Keys as weapons, carried between fingers, rape whistles on keychains, crossing the street repeatedly to be sure you are not followed, walking on “safe” streets only, wearing flat shoes in case you have to run, not taking public transit after a certain hour, texting a friend the license number of your Uber driver – just in case, checking the back seat of your car before sitting in it. Don’t run at night, don’t wear
headphones. This is the advice given women who are just living their lives.
We never know when we have unwittingly attracted the attention of a man who will be unreasonable, who may follow us, stalk us, attack us.
According to Statistics Canada, 94 per cent of sexual assaults are committed by males. Most men are bigger, stronger. Some be lieve women are property for their use and erupt when they don’t get their own way. Incidents such as the van attack in Toronto, the killing of women at work in Atlanta, the murder of Sarah Everard (who was just walking home) in England, the long-ago slaughter of female engineers at Polytechnique Montréal, all have one thing in common, a male who resented and hated women.
A GROWING RISK
The pandemic has greatly increased the number of domestic attacks on women. A women’s helpline in Toronto fielded 55,000 calls between March and September 2020. They would have received approximately half that usually. An additional 12,000 calls did not get through or were dropped when on hold. A home, which should be a safe haven, can become a battleground.
There are those who say men are victims of violence as well. However, one in three women will experience sexual violence in their lifetime, whereas one in six men will. More than 90 per cent of violent deaths of women and girls in 2020 were caused by men, and there were 160 of them, according to a report published by the Canadian Femicide Observatory for Justice and Accountability at the University of Guelph. Eight per cent of assailants are friends and family of the victim.
I have a brand new great-niece. I had truly hoped that the misogyny and the effects I’ve lived through, that my daughter and nieces experience, would be dealt with by now. I had dreamed of passing on a world to her generation that would include real equality. Women deserve to move through their lives with the knowledge that they can wear what they want, look like what they want, and enjoy the cities and towns they inhabit.
PERSONAL SAFETY – A RIGHT
Safety of each person, no matter what gender, sexual persuasion, or skin colour should be a given. Women should be able to go to doctors, male or female, without fear. They should be able to go to gyms without being bothered, go to bars unafraid, have the same freedom of movement that men enjoy.

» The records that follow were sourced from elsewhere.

lemma br_mem_derived_M_of_eigenvalues:
  assumes cM: "c \<notin> M" and H: "\<And>m. m \<in> M \<Longrightarrow> vsmul p (ad_eigenvalue m) c \<in> derived_M"
    and x: "x \<in> L" and y: "y \<in> L"
  shows "br x y \<in> derived_M"
proof -
  obtain i m1 where i: "m1 \<in> M" "x = vadd p (vsmul p (zp_of_int (int i)) c) m1"
    using coset_representatives[OF c_mem cM x] by blast
  obtain j m2 where j: "m2 \<in> M" "y = vadd p (vsmul p (zp_of_int (int j)) c) m2"
    using coset_representatives[OF c_mem cM y] by blast
  have m1: "m1 \<in> L" and m2: "m2 \<in> L" using i j M_mem_L by auto
  have "br c y = br c m2"
    unfolding j(2) using c_mem m2 by (simp add: br_add_right br_smul_right br_self)
  also have "\<dots> = vneg (vsmul p (ad_eigenvalue m2) c)"
    using br_anticomm[OF m2 c_mem] ad_eigenvalue[OF m2] by simp
  finally have cy: "br (vsmul p (zp_of_int (int i)) c) y \<in> derived_M"
    using c_mem y H[OF j(1)] by (simp add: br_smul_left vsmul_mem_derived_M vneg_mem_derived_M)
  have "br m1 y = vadd p (vsmul p (zp_of_int (int j)) (vsmul p (ad_eigenvalue m1) c)) (br m1 m2)"
    unfolding j(2) using c_mem m1 m2 ad_eigenvalue[OF m1] by (simp add: br_add_right br_smul_right)
  then have "br m1 y \<in> derived_M"
    using vadd_mem_derived_M vsmul_mem_derived_M H[OF i(1)] br_mem_derived_M[OF i(1) j(1)] by simp
  then show ?thesis
    unfolding i(2) using cy c_mem m1 y by (simp add: br_add_left vadd_mem_derived_M)
qed

lemma derived_subset_derived_M:
  assumes "c \<notin> M" and "\<And>m. m \<in> M \<Longrightarrow> vsmul p (ad_eigenvalue m) c \<in> derived_M"
  shows "D \<subseteq> derived_M"
  unfolding derived_def
  by (rule zspan_minimal)
    (use assms vzero_mem_derived_M vadd_mem_derived_M vsmul_mem_derived_M
      br_mem_derived_M_of_eigenvalues in auto)

text \<open>If \<open>D \<subseteq> [M, M] \<subseteq> M\<close> then \<open>w \<in> M\<close> forces \<open>k \<ge> 1\<close>, and \<open>\<phi> w = p^(k-1) \<mu> c\<close> lies in
  \<open>\<phi>([M, M]) \<subseteq> D = Z\<^sub>p p\<^sup>k c\<close>, so \<open>p\<close> divides \<open>\<mu>\<close>.\<close>

lemma eigenvalue_divisible_of_derived_subset:
  assumes cM: "c \<notin> M" and DS: "D \<subseteq> derived_M"
    and mu: "mu \<in> zp p" "\<phi> (vsmul p (zp_of_int (int p)) c) = vsmul p mu c"
  shows "mu 1 = 0"
proof -
  have "w \<in> M" using DS derived_M_subset_M derived_eq zspan_base w_mem by blast
  then obtain k' where k': "k = Suc k'" using cM w_eq c_mem by (cases k) auto
  have "w = vsmul p (zp_of_int (int p ^ k')) (vsmul p (zp_of_int (int p)) c)"
    unfolding w_eq k' by (simp add: vsmul_vsmul zp_of_int_mult ac_simps)
  then have phi_w: "\<phi> w = vsmul p (zp_mul p (zp_of_int (int p ^ k')) mu) c"
    using phi_vsmul[OF zp_of_int_mem p_c_mem_M] mu by (simp add: vsmul_vsmul)
  have "\<phi> w \<in> line w"
    using phi_derived_M_subset_derived DS derived_eq zspan_base[OF _ w_mem]
      zspan_singleton_subset_line[OF w_mem] by blast
  then obtain r where r: "r \<in> zp p" "\<phi> w = vsmul p (zp_mul p r (zp_of_int (int p ^ k))) c"
    unfolding mem_line_iff w_eq by (auto simp: vsmul_vsmul)
  have "zp_mul p (zp_of_int (int p ^ k')) mu = zp_mul p r (zp_of_int (int p ^ k))"
    using vsmul_right_cancel[OF c_mem c_nonzero] mu r phi_w by simp
  also have "\<dots> = zp_mul p (zp_of_int (int p ^ k')) (zp_mul p (zp_of_int (int p)) r)"
    unfolding k' by (rule ext) (simp add: zp_simps mod_simps, simp add: ac_simps)
  finally have "mu = zp_mul p (zp_of_int (int p)) r"
    using zp_mul_left_cancel[OF zp_of_int_mem zp_of_int_p_power_nonzero mu(1)] r(1) by simp
  then show ?thesis by (simp add: zp_simps)
qed

lemma ad_eigenvalue_phi:
  assumes m: "m \<in> M" and mu: "mu \<in> zp p" "mu \<noteq> zp_zero"
    and phi_pc: "\<phi> (vsmul p (zp_of_int (int p)) c) = vsmul p mu c"
  shows "ad_eigenvalue (\<phi> m) = ad_eigenvalue m"
proof -
  have mL: "m \<in> L" and pm: "\<phi> m \<in> L" using m M_mem_L phi_mem by auto
  have "vsmul p (zp_mul p mu (ad_eigenvalue (\<phi> m))) c = \<phi> (br m (vsmul p (zp_of_int (int p)) c))"
    using phi_br[OF m p_c_mem_M] phi_pc pm c_mem mu ad_eigenvalue[OF pm]
    by (simp add: br_smul_right vsmul_vsmul)
  also have "br m (vsmul p (zp_of_int (int p)) c) = vsmul p (ad_eigenvalue m) (vsmul p (zp_of_int (int p)) c)"
    using mL c_mem ad_eigenvalue[OF mL] by (simp add: br_smul_right vsmul_vsmul zp_mul_comm)
  also have "\<phi> \<dots> = vsmul p (ad_eigenvalue m) (vsmul p mu c)"
    using phi_vsmul[OF _ p_c_mem_M, of "ad_eigenvalue m"] phi_pc ad_eigenvalue[OF mL] by simp
  also have "\<dots> = vsmul p (zp_mul p mu (ad_eigenvalue m)) c"
    by (simp add: vsmul_vsmul zp_mul_comm)
  finally have "zp_mul p mu (ad_eigenvalue (\<phi> m)) = zp_mul p mu (ad_eigenvalue m)"
    using vsmul_right_cancel[OF c_mem c_nonzero] mu ad_eigenvalue[OF mL] ad_eigenvalue[OF pm]
    by simp
  then show ?thesis using zp_mul_left_cancel[OF mu] ad_eigenvalue[OF mL] ad_eigenvalue[OF pm] by simp
qed

lemma center_subset_M:
  assumes cM: "c \<notin> M" and m0: "m0 \<in> M" "vsmul p (ad_eigenvalue m0) c \<notin> derived_M"
  shows "center \<subseteq> M"
proof
  fix z assume z: "z \<in> center"
  then have zL: "z \<in> L" by (simp add: center_def)
  obtain j m where j: "j < p" "m \<in> M" "z = vadd p (vsmul p (zp_of_int (int j)) c) m"
    using coset_representatives[OF c_mem cM zL] by blast
  have m0L: "m0 \<in> L" and mL: "m \<in> L" using m0 j M_mem_L by auto
  let ?X = "vsmul p (zp_of_int (int j)) (vsmul p (ad_eigenvalue m0) c)"
  show "z \<in> M"
  proof (cases "j = 0")
    case True
    then show ?thesis using j mL by simp
  next
    case False
    have "vzero = br m0 z" using z m0L by (simp add: center_def)
    also have "\<dots> = vadd p (br m0 m) ?X"
      unfolding j(3) using m0L c_mem mL ad_eigenvalue[OF m0L]
      by (simp add: br_add_right br_smul_right vadd_comm)
    finally have "?X = vneg (br m0 m)"
      using vadd_eq_zero_imp_vneg[of "br m0 m" d ?X] m0L mL c_mem ad_eigenvalue[OF m0L] by simp
    then have X: "?X \<in> derived_M" using vneg_mem_derived_M br_mem_derived_M[OF m0(1) j(2)] by simp
    obtain s where s: "s \<in> zp p" "zp_mul p (zp_of_int (int j)) s = zp_of_int 1"
      using zp_of_int_invertible not_p_dvd_int False j(1) by blast
    have "vsmul p s ?X = vsmul p (zp_mul p (zp_mul p (zp_of_int (int j)) s) (ad_eigenvalue m0)) c"
      by (simp add: vsmul_vsmul zp_mul_assoc zp_mul_comm zp_mul_left_commute)
    also have "\<dots> = vsmul p (ad_eigenvalue m0) c" using s ad_eigenvalue[OF m0L] by simp
    finally have "vsmul p s ?X = vsmul p (ad_eigenvalue m0) c" .
    then show ?thesis using vsmul_mem_derived_M[OF s(1) X] m0(2) by simp
  qed
qed
definition primal_optimal ::
  "nat \<Rightarrow> nat \<Rightarrow> complex mat \<Rightarrow> (nat \<Rightarrow> complex mat) \<Rightarrow> (nat \<Rightarrow> real) \<Rightarrow> complex mat \<Rightarrow> bool" where
  "primal_optimal n m C A b X \<longleftrightarrow> primal_feasible n m C A b X \<and>
     (\<forall>X'. primal_feasible n m C A b X' \<longrightarrow> primal_obj C X' \<le> primal_obj C X)"

definition opt_val ::
  "nat \<Rightarrow> nat \<Rightarrow> complex mat \<Rightarrow> (nat \<Rightarrow> complex mat) \<Rightarrow> (nat \<Rightarrow> real) \<Rightarrow> real" where
  "opt_val n m C A b = Sup (primal_obj C ` {X. primal_feasible n m C A b X})"

definition dual_feasible ::
  "nat \<Rightarrow> nat \<Rightarrow> complex mat \<Rightarrow> (nat \<Rightarrow> complex mat) \<Rightarrow> (nat \<Rightarrow> real) \<Rightarrow> bool" where
  "dual_feasible n m C A y \<longleftrightarrow> (\<forall>j<m. y j \<ge> 0) \<and>
     psd n (mat n n (\<lambda>(r,c). \<Sum>j<m. complex_of_real (y j) * A j $$ (r,c)) - C)"

definition dual_optimal ::
  "nat \<Rightarrow> nat \<Rightarrow> complex mat \<Rightarrow> (nat \<Rightarrow> complex mat) \<Rightarrow> (nat \<Rightarrow> real) \<Rightarrow> (nat \<Rightarrow> real) \<Rightarrow> bool" where
  "dual_optimal n m C A b y \<longleftrightarrow> dual_feasible n m C A y \<and>
     (\<forall>y'. dual_feasible n m C A y' \<longrightarrow> (\<Sum>j<m. b j * y j) \<le> (\<Sum>j<m. b j * y' j))"

text \<open>An instance of the input oracles. Sign index s: 0 stands for +, 1 for -.
  The purification psi j s lives on C^n (x) C^a (x) C^e (system, flag, environment).\<close>
record qs_instance =
  psi :: "nat \<Rightarrow> nat \<Rightarrow> complex vec"
  mup :: "nat \<Rightarrow> real"
  mum :: "nat \<Rightarrow> real"
  muI :: "nat \<Rightarrow> real"
  Opsi :: "complex mat"

text \<open>density operator obtained by tracing out the third register and projecting the
  second register onto |0>\<close>
definition rho_of :: "nat \<Rightarrow> nat \<Rightarrow> nat \<Rightarrow> complex vec \<Rightarrow> complex mat" where
  "rho_of n a e v = mat n n (\<lambda>(i,k).
     (\<Sum>t<e. v $ ((i * a + 0) * e + t) * cnj (v $ ((k * a + 0) * e + t))))"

It is not our clothes, our makeup, our body type, our way of walking that makes us victims of unwanted attention and sexual violence. Men need to be taught to treat all humans with kindness. They need to check their attitudes and those of their friends, when misogynistic comments are traded. Disrespecting others is not humorous. They need to speak up and defend the right of females to share equally in life. Teaching men that women are not their property would go a long way to fixing this problem.